Sementara para wali lainnya diberi tugas mengerjakan bagain-bagian bangunan
masjid yang lain.
Mengenai sikap dan pemikirannya tentang
tradisi dan adat istiadat yang sangat kuat dipegangi masyarakat pada awal proses
islamisasi di pulau Jawa, Sunan Ampel menginginkan agar masyarakat menganut
keyakinan yang murni. Solichin Salam dalam bukunya Sekitar Walisongo menjelaskan,
didalam permusyawaratan Walisongo, Sunan Kalijaga mengusulkan agar tradisi dan
adat Jawa seperti kenduren (selamatan), sesajen dan sejenisnya, perlu dilestarikan setelah terlebih dahulu
diisi dengan nilai-nilai keislaman (aqidah islamiyah) agar tidak terjerumus
kedalam kesyirikan. Sunan Ampel bertanya, “Apakah hal itu tidak mengkhawatirkan
rusaknya agama Islam di kemudian hari?
Apakah tradisi semacam itu nantinya tidak dianggap oleh anak cucu kita
sebagai bagian dari ajaran Islam, yang berarti menjadi Bid’ah?”. Sunan Kudus
membela Sunan Kalijaga, “Saya setuju dengan pendapat Sunan Kalijaga. Sebab
agama Hindu-Budha memiliki beberapa kesamaan dengan islam dalam ajaran
kemasyarakatan, antara lain : orang kaya wajib menolong kaum fakir miskin.

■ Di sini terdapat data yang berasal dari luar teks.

(* Let two circles $\Omega$ and $\omega$ meet at a point $X$. Let $A, B, C, D$ be points on $\omega$ with $AB \parallel CD$. Let lines $XA, XB, XC, XD$ meet $\Omega$ again at $E, F, G, H$ respectively. Then $EF \parallel GH$. *)

theory Defs
  imports "HOL-Analysis.Analysis"
begin

text \<open>Line PQ (P \<noteq> Q) is parallel to line RS (R \<noteq> S) iff their direction
  vectors are real multiples of one another (coincident lines count as parallel).\<close>

definition parallel :: "complex \<Rightarrow> complex \<Rightarrow> complex \<Rightarrow> complex \<Rightarrow> bool" where
  "parallel P Q R S \<longleftrightarrow> P \<noteq> Q \<and> R \<noteq> S \<and> (\<exists>c::real. S - R = c *\<^sub>R (Q - P))"

end

theory Submission
  imports Defs
begin

text \<open>In complex coordinates a point z of the circle with centre Z and radius r satisfies
  cnj (z - Z) = r^2 / (z - Z), so a chord PQ of that circle satisfies
  cnj (Q - P) / (Q - P) = - r^2 / ((P - Z) (Q - Z)). Hence two chords (of possibly different circles)
  are parallel iff the quantities (P - Z) (Q - Z) / r^2 agree. Applied to the secants XA and XE this
  gives E - O1 = \<lambda> (A - O2) with \<lambda> independent of A: the second-intersection map from \<omega> to \<Omega>
  is the restriction of a spiral similarity, and spiral similarities preserve parallelism.\<close>

lemma cnj_chord:
  fixes P Q Z :: complex
  assumes "dist P Z = r" "dist Q Z = r"
  shows "cnj (Q - P) * ((P - Z) * (Q - Z)) = - of_real (r\<^sup>2) * (Q - P)"
proof -
  define a b where "a = P - Z" and "b = Q - Z"
  have "cnj a * a = of_real (r\<^sup>2)" "cnj b * b = of_real (r\<^sup>2)"
    using assms complex_norm_square[of a] complex_norm_square[of b]
    by (simp_all add: a_def b_def dist_norm mult.commute)
  have "cnj (b - a) * (a * b) = (cnj b * b) * a - (cnj a * a) * b"
    by (simp add: algebra_simps)
  also have "\<dots> = - of_real (r\<^sup>2) * (b - a)"
    using \<open>cnj a * a = _\<close> \<open>cnj b * b = _\<close> by (simp add: algebra_simps)
  finally show ?thesis by (simp add: a_def b_def)
qed

lemma real_multiple_iff_cnj:
  fixes w w' :: complex
  assumes "w \<noteq> 0"
  shows "(\<exists>c::real. w' = c *\<^sub>R w) \<longleftrightarrow> cnj w' * w = cnj w * w'"
proof
  assume "\<exists>c::real. w' = c *\<^sub>R w"
  then show "cnj w' * w = cnj w * w'" by (auto simp: scaleR_conv_of_real)
next
  assume "cnj w' * w = cnj w * w'"
  then have "cnj (w' / w) = w' / w" using assms by (simp add: field_simps)
  then have "w' / w = of_real (Re (w' / w))" by (metis Reals_cnj_iff Re_complex_of_real Reals_cases)
  then have "w' = Re (w' / w) *\<^sub>R w" using assms by (simp add: scaleR_conv_of_real field_simps)
  then show "\<exists>c::real. w' = c *\<^sub>R w" ..
qed

lemma parallel_chords_iff:
  fixes P Q R S Z Z' :: complex
  assumes "dist P Z = r" "dist Q Z = r" "dist R Z' = r'" "dist S Z' = r'" "P \<noteq> Q" "R \<noteq> S"
  shows "parallel P Q R S \<longleftrightarrow> (P - Z) * (Q - Z) / of_real (r\<^sup>2) = (R - Z') * (S - Z') / of_real (r'\<^sup>2)"
proof -
  define u v a b where "u = Q - P" and "v = S - R"
    and "a = (P - Z) * (Q - Z)" and "b = (R - Z') * (S - Z')"
  have "r \<noteq> 0" "r' \<noteq> 0" using assms by auto
  then have "a \<noteq> 0" "b \<noteq> 0" using assms by (auto simp: a_def b_def)
  have "u \<noteq> 0" "v \<noteq> 0" using assms by (simp_all add: u_def v_def)
  have cnj_u: "cnj u * a = - of_real (r\<^sup>2) * u" and cnj_v: "cnj v * b = - of_real (r'\<^sup>2) * v"
    using cnj_chord[OF assms(1,2)] cnj_chord[OF assms(3,4)] by (simp_all add: u_def v_def a_def b_def)
  have "parallel P Q R S \<longleftrightarrow> cnj v * u = cnj u * v"
    unfolding parallel_def u_def v_def using real_multiple_iff_cnj assms(5,6) by simp
  also have "\<dots> \<longleftrightarrow> (cnj v * b) * u * a = (cnj u * a) * v * b"
    using \<open>a \<noteq> 0\<close> \<open>b \<noteq> 0\<close> by (auto simp: algebra_simps)
  also have "\<dots> \<longleftrightarrow> of_real (r'\<^sup>2) * a = of_real (r\<^sup>2) * b"
    unfolding cnj_u cnj_v using \<open>u \<noteq> 0\<close> \<open>v \<noteq> 0\<close> by (auto simp: algebra_simps)
  also have "\<dots> \<longleftrightarrow> a / of_real (r\<^sup>2) = b / of_real (r'\<^sup>2)"
    using \<open>r \<noteq> 0\<close> \<open>r' \<noteq> 0\<close> by (simp add: field_simps)
  finally show ?thesis by (simp add: a_def b_def)
qed

lemma collinear_imp_parallel:
  fixes X P P' :: complex
  assumes "collinear {X, P, P'}" "P \<noteq> X" "P' \<noteq> X"
  shows "parallel X P X P'"
proof -
  have "collinear {0, P - X, P' - X}"
    using assms(1) collinear_3[of P X P'] by (simp add: insert_commute)
  then show ?thesis
    unfolding parallel_def using assms(2,3) by (simp add: collinear_lemma)
qed

lemma secant_second_point:
  fixes X P P' Z Z' :: complex
  assumes "dist X Z = r" "dist P Z = r" "dist X Z' = r'" "dist P' Z' = r'"
    and "P \<noteq> X" "P' \<noteq> X" "collinear {X, P, P'}"
  shows "P' - Z' = of_real (r'\<^sup>2) * (X - Z) / (of_real (r\<^sup>2) * (X - Z')) * (P - Z)"
proof -
  define x p x' p' where "x = X - Z" and "p = P - Z" and "x' = X - Z'" and "p' = P' - Z'"
  have "r \<noteq> 0" "r' \<noteq> 0" "x' \<noteq> 0" using assms by (auto simp: x'_def)
  have "x * p / of_real (r\<^sup>2) = x' * p' / of_real (r'\<^sup>2)"
    using parallel_chords_iff[OF assms(1-4)] collinear_imp_parallel[OF assms(7,5,6)] assms(5,6)
    by (simp add: x_def p_def x'_def p'_def)
  with \<open>r \<noteq> 0\<close> \<open>r' \<noteq> 0\<close> \<open>x' \<noteq> 0\<close> have "p' = of_real (r'\<^sup>2) * x / (of_real (r\<^sup>2) * x') * p"
    by (simp add: field_simps)
  then show ?thesis by (simp add: x_def p_def x'_def p'_def)
qed

lemma parallel_similarity_image:
  fixes A B C D c k :: complex
  assumes "parallel A B C D" "k \<noteq> 0"
  shows "parallel (c + k * A) (c + k * B) (c + k * C) (c + k * D)"
proof -
  obtain t :: real where t: "D - C = t *\<^sub>R (B - A)" using assms(1) unfolding parallel_def by blast
  have "(c + k * D) - (c + k * C) = k * (D - C)" by (simp add: algebra_simps)
  also have "\<dots> = k * (t *\<^sub>R (B - A))" by (simp only: t)
  also have "\<dots> = t *\<^sub>R ((c + k * B) - (c + k * A))"
    by (simp add: scaleR_conv_of_real algebra_simps)
  finally have "(c + k * D) - (c + k * C) = t *\<^sub>R ((c + k * B) - (c + k * A))" .
  with assms show ?thesis unfolding parallel_def by auto
qed

theorem lemma4p2:
  fixes O1 O2 X A B C D E F G H :: complex and r1 r2 :: real
  assumes "r1 > 0" and "r2 > 0"
    and "dist X O1 = r1" and "dist X O2 = r2"
    and "dist A O2 = r2" and "dist B O2 = r2" and "dist C O2 = r2" and "dist D O2 = r2"
    and "A \<noteq> X" and "B \<noteq> X" and "C \<noteq> X" and "D \<noteq> X"
    and "parallel A B C D"
    and "dist E O1 = r1" and "E \<noteq> X" and "collinear {X, A, E}"
    and "dist F O1 = r1" and "F \<noteq> X" and "collinear {X, B, F}"
    and "dist G O1 = r1" and "G \<noteq> X" and "collinear {X, C, G}"
    and "dist H O1 = r1" and "H \<noteq> X" and "collinear {X, D, H}"
  shows "parallel E F G H"
proof -
  define k where "k = of_real (r1\<^sup>2) * (X - O2) / (of_real (r2\<^sup>2) * (X - O1))"
  define c where "c = O1 - k * O2"
  have "k \<noteq> 0" using assms(1-4) by (auto simp: k_def)
  have image: "P' = c + k * P"
    if "dist P O2 = r2" "dist P' O1 = r1" "P \<noteq> X" "P' \<noteq> X" "collinear {X, P, P'}" for P P'
  proof -
    have "P' - O1 = k * (P - O2)"
      unfolding k_def using secant_second_point[of X O2 r2 P O1 r1 P'] assms(3,4) that by blast
    then show ?thesis by (simp add: c_def algebra_simps)
  qed
  have "parallel (c + k * A) (c + k * B) (c + k * C) (c + k * D)"
    using parallel_similarity_image[OF assms(13) \<open>k \<noteq> 0\<close>] .
  then show ?thesis
    using image[of A E] image[of B F] image[of C G] image[of D H] assms by simp
qed

end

Mengenai soal yang Tuan khawatirkan, saya yakin, kelak tentu ada orang Islam
yang akan meluruskan dan menjelaskan duduk persoalannya”. Terdorong oleh
semangat toleransi dan persatuan yang kuat, Sunan Ampel akhirnya tidak
keberatan menerima usulan tersebut. Dan memang sangat berat menghapuskan
tradisi dan adat istiadat lama yang sudah mendarahdaging di tengah masyarakat,
tidak semudah orang membalik telapak tangan. Karenanya, diperlukan kesabaran
dan tentu saja memerlukan waktu yang cukup panjang.